## [Source material]
=== Section Start ===

(* Let $(a,D)$ be a weak hyperoperator on $\mathbb{R}^n$ in the complex Banach space $X$ such that for every $\phi\in\mathcal{D}(\mathbb{R}^n)$ the closure $\overline{\phi(a)}$ of $\phi(a)$ is a bounded operator on $X$, and assume $\bigcap_{\phi\in\mathcal{D}(\mathbb{R}^n)}\operatorname{Ker}\overline{\phi(a)}=\{0\}$. Then the map $A$ defined by $A(\phi)=\overline{\phi(a)}$ is a hyperoperator on $\mathbb{R}^n$ with $D_A=\bigcup_{\phi\in\mathcal{D}(\mathbb{R}^n)}\operatorname{Im}\overline{\phi(a)}\supseteq D$. Moreover, if $a'$ is the operator tuple associated to $A$, then $\overline{a'}=\overline{a}$.
   Context: $X$ is a complex Banach space, $L(X)$ the bounded operators. $\mathcal{D}(\mathbb{R}^n)=C_c^\infty(\mathbb{R}^n)$, $\mathcal{E}(\mathbb{R}^n)=C^\infty(\mathbb{R}^n)$ (complex-valued) with the topology of uniform convergence of all derivatives on compacts. For a dense subspace $D\subset X$, $\mathbf{L}(D)$ is the set of closable linear operators $D\to D$. A weak hyperoperator $(c,D)$ on $\mathbb{R}^n$ is a tuple $c=(c_1,\dots,c_n)$ of linear operators $D\to D$, with $D$ dense, $c$ closable, together with a linear multiplicative map $\mathcal{E}(\mathbb{R}^n)\to\mathbf{L}(D)$, $h\mapsto h(c)$, that sends each polynomial $p$ to $p(c_1,\dots,c_n)$, and such that $h_k(c)x\to h(c)x$ for all $x\in D$ whenever $h_k\to h$ in $\mathcal{E}(\mathbb{R}^n)$. A hyperoperator on $\mathbb{R}^n$ is a linear map $A:\mathcal{D}(\mathbb{R}^n)\to L(X)$, continuous ($A(\phi_j)\to0$ in operator norm when $\phi_j\to0$ in $\mathcal{D}(\mathbb{R}^n)$), multiplicative, with (i) $D_A:=\bigcup_\phi\operatorname{Im}A(\phi)$ dense and (ii) $\bigcap_\phi\operatorname{Ker}A(\phi)=\{0\}$. Its associated tuple $a'=(a'_1,\dots,a'_n)$ has domain $D_A$, $a'_jx:=A(\xi_j\phi)y$ if $x=A(\phi)y$ (well defined). Closures of tuples are taken via the closure of the graph in $X\times X^n$. *)

theory Defs
  imports "HOL-Analysis.Analysis"
begin

class complex_banach = banach +
  fixes scaleC :: "complex \<Rightarrow> 'a \<Rightarrow> 'a"
  assumes scaleC_of_real: "scaleC (complex_of_real r) x = r *\<^sub>R x"
    and scaleC_add_right: "scaleC a (x + y) = scaleC a x + scaleC a y"
    and scaleC_add_left: "scaleC (a + b) x = scaleC a x + scaleC b x"
    and scaleC_scaleC: "scaleC a (scaleC b x) = scaleC (a * b) x"
    and scaleC_one: "scaleC 1 x = x"
    and norm_scaleC: "norm (scaleC a x) = cmod a * norm x"

definition csubspace :: "'x::complex_banach set \<Rightarrow> bool" where
  "csubspace S \<longleftrightarrow> 0 \<in> S \<and> (\<forall>x\<in>S. \<forall>y\<in>S. x + y \<in> S)
     \<and> (\<forall>a. \<forall>x\<in>S. scaleC a x \<in> S)"

definition clinear_on :: "'x::complex_banach set \<Rightarrow> ('x \<Rightarrow> 'y::complex_banach) \<Rightarrow> bool" where
  "clinear_on S T \<longleftrightarrow> (\<forall>x\<in>S. \<forall>y\<in>S. T (x + y) = T x + T y)
     \<and> (\<forall>a. \<forall>x\<in>S. T (scaleC a x) = scaleC a (T x))"

definition bounded_cop :: "('x::complex_banach \<Rightarrow> 'x) \<Rightarrow> bool" where
  "bounded_cop T \<longleftrightarrow> clinear_on UNIV T \<and> (\<exists>K. \<forall>x. norm (T x) \<le> K * norm x)"

definition op_graph :: "'x set \<Rightarrow> ('x \<Rightarrow> 'y) \<Rightarrow> ('x \<times> 'y) set" where
  "op_graph S T = {(x, T x) | x. x \<in> S}"

definition is_graph :: "('x \<times> 'y) set \<Rightarrow> bool" where
  "is_graph G \<longleftrightarrow> (\<forall>x y z. (x, y) \<in> G \<and> (x, z) \<in> G \<longrightarrow> y = z)"

definition closable :: "'x::topological_space set \<Rightarrow> ('x \<Rightarrow> 'y::topological_space) \<Rightarrow> bool" where
  "closable S T \<longleftrightarrow> is_graph (closure (op_graph S T))"

text \<open>The closure of a (closable) operator: the operator whose graph is the closure of the graph.
  Its domain is \<open>fst ` closure (op_graph S T)\<close>.\<close>
definition op_closure :: "'x::topological_space set \<Rightarrow> ('x \<Rightarrow> 'y::topological_space) \<Rightarrow> 'x \<Rightarrow> 'y" where
  "op_closure S T x = (THE y. (x, y) \<in> closure (op_graph S T))"

definition tuple_graph :: "'x set \<Rightarrow> ('n::finite \<Rightarrow> 'x \<Rightarrow> 'x) \<Rightarrow> ('x \<times> ('x ^ 'n)) set" where
  "tuple_graph S c = {(x, \<chi> j. c j x) | x. x \<in> S}"

definition tuple_closable :: "'x::topological_space set \<Rightarrow> ('n::finite \<Rightarrow> 'x \<Rightarrow> 'x) \<Rightarrow> bool" where
  "tuple_closable S c \<longleftrightarrow> is_graph (closure (tuple_graph S c))"

definition partial :: "'n::finite \<Rightarrow> (real ^ 'n \<Rightarrow> complex) \<Rightarrow> real ^ 'n \<Rightarrow> complex" where
  "partial i f x = vector_derivative (\<lambda>t. f (x + t *\<^sub>R axis i 1)) (at 0)"

fun dpart :: "'n::finite list \<Rightarrow> (real ^ 'n \<Rightarrow> complex) \<Rightarrow> real ^ 'n \<Rightarrow> complex" where
  "dpart [] f = f"
| "dpart (i # is) f = partial i (dpart is f)"

definition smooth :: "(real ^ 'n::finite \<Rightarrow> complex) \<Rightarrow> bool" where
  "smooth f \<longleftrightarrow> (\<forall>is. continuous_on UNIV (dpart is f)
      \<and> (\<forall>i x. (\<lambda>t. dpart is f (x + t *\<^sub>R axis i 1)) differentiable (at 0)))"

definition tsupport :: "(real ^ 'n::finite \<Rightarrow> complex) \<Rightarrow> (real ^ 'n) set" where
  "tsupport f = closure {x. f x \<noteq> 0}"

definition test_fun :: "(real ^ 'n::finite \<Rightarrow> complex) \<Rightarrow> bool" where
  "test_fun f \<longleftrightarrow> smooth f \<and> compact (tsupport f)"

definition conv_E :: "(nat \<Rightarrow> real ^ 'n::finite \<Rightarrow> complex) \<Rightarrow> (real ^ 'n \<Rightarrow> complex) \<Rightarrow> bool" where
  "conv_E h g \<longleftrightarrow> (\<forall>is K. compact K \<longrightarrow>
      uniform_limit K (\<lambda>k. dpart is (h k)) (dpart is g) sequentially)"

definition conv_D0 :: "(nat \<Rightarrow> real ^ 'n::finite \<Rightarrow> complex) \<Rightarrow> bool" where
  "conv_D0 \<phi> \<longleftrightarrow> (\<exists>K. compact K \<and> (\<forall>j. tsupport (\<phi> j) \<subseteq> K))
      \<and> (\<forall>is. uniform_limit UNIV (\<lambda>j. dpart is (\<phi> j)) (\<lambda>_. 0) sequentially)"

definition coord :: "'n::finite \<Rightarrow> real ^ 'n \<Rightarrow> complex" where
  "coord j = (\<lambda>\<xi>. complex_of_real (\<xi> $ j))"

text \<open>\<open>hc h\<close> stands for \<open>h(c)\<close>. Polynomials are sent to the corresponding polynomial in
  \<open>c\<close>: by linearity and multiplicativity this is equivalent to sending the constant \<open>1\<close>
  to the identity on \<open>D\<close> and each coordinate function \<open>\<xi>_j\<close> to \<open>c_j\<close>.\<close>
definition weak_hyperop ::
  "('n::finite \<Rightarrow> 'x::complex_banach \<Rightarrow> 'x) \<Rightarrow> 'x set \<Rightarrow> ((real ^ 'n \<Rightarrow> complex) \<Rightarrow> 'x \<Rightarrow> 'x) \<Rightarrow> bool"
  where
  "weak_hyperop c D hc \<longleftrightarrow>
     csubspace D \<and> closure D = UNIV
   \<and> (\<forall>j. (\<forall>x\<in>D. c j x \<in> D) \<and> clinear_on D (c j))
   \<and> tuple_closable D c
   \<and> (\<forall>h. smooth h \<longrightarrow> (\<forall>x\<in>D. hc h x \<in> D) \<and> clinear_on D (hc h) \<and> closable D (hc h))
   \<and> (\<forall>h g. smooth h \<longrightarrow> smooth g \<longrightarrow> (\<forall>x\<in>D. hc (\<lambda>\<xi>. h \<xi> + g \<xi>) x = hc h x + hc g x))
   \<and> (\<forall>h a. smooth h \<longrightarrow> (\<forall>x\<in>D. hc (\<lambda>\<xi>. a * h \<xi>) x = scaleC a (hc h x)))
   \<and> (\<forall>h g. smooth h \<longrightarrow> smooth g \<longrightarrow> (\<forall>x\<in>D. hc (\<lambda>\<xi>. h \<xi> * g \<xi>) x = hc h (hc g x)))
   \<and> (\<forall>x\<in>D. hc (\<lambda>_. 1) x = x)
   \<and> (\<forall>j. \<forall>x\<in>D. hc (coord j) x = c j x)
   \<and> (\<forall>hs h. (\<forall>k. smooth (hs k)) \<longrightarrow> smooth h \<longrightarrow> conv_E hs h \<longrightarrow>
          (\<forall>x\<in>D. (\<lambda>k. hc (hs k) x) \<longlonglongrightarrow> hc h x))"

=== Section End ===

## [Problem statement]
Copy each line of the listing above that includes the word "csubspace".

## [Reply]
definition csubspace :: "'x::complex_banach set \<Rightarrow> bool" where
  "csubspace S \<longleftrightarrow> 0 \<in> S \<and> (\<forall>x\<in>S. \<forall>y\<in>S. x + y \<in> S)
     csubspace D \<and> closure D = UNIV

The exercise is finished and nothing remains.